23 feb 2012

El mejor amigo

Los últimos cinco días de mis vacaciones en aquél camping, cambiaron completamente mi pensamiento con respecto a la relación humanos - perros.

Tuve la dicha de nacer en un hogar donde ya habían perros. Pude pasar mi infancia acompañada de estos maravillosos y leales animales.


Yo era muy pequeña el día que murió mi primer perra, es una sensación que jamás olvidé.
Tuve la "suerte" de no tener que ver morir a ningún otro, ya que a uno se lo robaron, y a la otra tuvimos que regalarla porque perdimos nuestra casa, y no podíamos tener una gran danés en un pequeño departamento.

Esa tarde ambas estábamos bajo la mesa de la cocina, ella me miraba desconcertada, sabía que algo raro pasaba, mientras yo lloraba y la abrazaba, jamás la volvería a ver.


Hace más de trece años que me despedí de ella. Jamás volví a sentir ese dolor... hasta hoy.


Pasamos nuestros últimos días de vacaciones en un camping de San Rafael, Mendoza. Una de las primeras cosas que hice antes de ponemos a armar la carpa, fue saludar y abrazar a unos perros que correteaban por ahí.
No tardé mucho (bueno, nada) en encariñarme.

Es realmente increíble cómo un ser, que no habla tu mismo idioma, pueda comunicarte tan claramente sus sentimientos.
Eran cuatro perros de personalidades extremadamente diferentes, pero cada uno, a su particular manera, te hacía entender lo feliz que estaba de verte luego de un rato fuera del camping.


Fue duro despertar hoy por la madrugada, sabiendo que les daría el último abrazo.

Siguieron el auto hasta la puerta, y uno de ellos quedó frente a nosotros, delante del vehículo, prohibiéndonos el paso.
Nos miraba fijamete mientras lloraba, porque sabía que era el fin.

Tuvimos que dar marcha atrás para esquivarlo.
Corrió tras el auto por la ruta, hasta que quedó parado, mirando cómo nos alejábamos.

Lloré gran parte del viaje, sintiendo nuevamente, después de tanto tiempo, ese abandono forzado.

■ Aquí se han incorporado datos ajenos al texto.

(* Assume (A5) and fix $k\in[\underline{\theta}_1,\overline{\theta}_1]$. For $2\le t\le T$, let $F^A_t$ be the conditional distribution of $\theta_t$ given $\theta_1\ge k$ if $k<\overline{\theta}_1$ and given $\theta_1=\overline{\theta}_1$ if $k=\overline{\theta}_1$; let $F^R_t$ be the conditional distribution of $\theta_t$ given $\theta_1<k$ if $k>\underline{\theta}_1$ and given $\theta_1=\underline{\theta}_1$ if $k=\underline{\theta}_1$. Let $p^A_t$ and $p^R_t$ be monopoly prices (maximizers of $p(1-F(p))$) for $F=F^A_t$ and $F=F^R_t$, respectively. Then $p^A_t\ge p^R_t$ for every $2\le t\le T$.
   Context: (A5) Log-concave AR(1): $\theta_1\sim F_1$, a log-concave distribution with bounded support $[\underline{\theta}_1,\overline{\theta}_1]\subset\mathbb{R}_+$ and density $f_1>0$ on it; for $t\ge2$, $\theta_t=\alpha_t\theta_{t-1}+\epsilon_t$ with $\alpha_t\in(0,\frac1{2\delta})$ for a fixed $\delta\in(0,1]$, and $\epsilon_t$ drawn independently from a log-concave distribution $G_t$ with bounded support. *)

theory Defs
  imports "HOL-Probability.Probability"
begin

definition log_concave :: "(real \<Rightarrow> real) \<Rightarrow> bool" where
  "log_concave f \<longleftrightarrow> (\<forall>x. 0 \<le> f x) \<and>
     (\<forall>x y l. 0 < l \<and> l < 1 \<longrightarrow>
        f x powr l * f y powr (1 - l) \<le> f (l * x + (1 - l) * y))"

text \<open>Sample path of the AR(1) process started from theta_1 = x with innovations e:
  theta_1 = x, theta_t = alpha_t theta_(t-1) + e_t for t >= 2 (index 0 unused, = x).\<close>
primrec ar_path :: "(nat \<Rightarrow> real) \<Rightarrow> (nat \<Rightarrow> real) \<Rightarrow> real \<Rightarrow> nat \<Rightarrow> real" where
  "ar_path \<alpha> e x 0 = x"
| "ar_path \<alpha> e x (Suc n) = (if n = 0 then x else \<alpha> (Suc n) * ar_path \<alpha> e x n + e (Suc n))"

definition revenue_maximizer :: "(real \<Rightarrow> real) \<Rightarrow> real \<Rightarrow> bool" where
  "revenue_maximizer F p \<longleftrightarrow> (\<forall>q. q * (1 - F q) \<le> p * (1 - F p))"

definition monopoly_price :: "(real \<Rightarrow> real) \<Rightarrow> real \<Rightarrow> bool" where
  "monopoly_price F p \<longleftrightarrow> revenue_maximizer F p \<and> (\<forall>q. revenue_maximizer F q \<longrightarrow> p \<le> q)"

end

theory Submission
  imports Defs
begin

No es errado decir que el perro es el mejor amigo del hombre. Ellos logran sacar lo mejor de nosotros.
En los pocos días que conviví con estos cuatro perros, reviví emociones que sólo ellos te pueden hacer sentir.


Ahora, me es imposible no encontrar en otras miradas esa expresión, esos ojos miel tan expresivos que me hicieron revivir tantas cosas olvidadas.


Para muchos, comparar un animal con un amigo, un hijo, o cualquier integrante de la familia, es exageración.
Yo sólo lamento que algunos humanos no se puedan dar la oportunidad de ser amados incondicionalmente por un ser que jamás te traicionaría, por un ser que daría la vida por vos, sin pensarlo.


Son conocidas muchas historias en las que, el humano muere, y el perro se queda esperándolo, sin comer ni beber, hasta que muere de tristeza.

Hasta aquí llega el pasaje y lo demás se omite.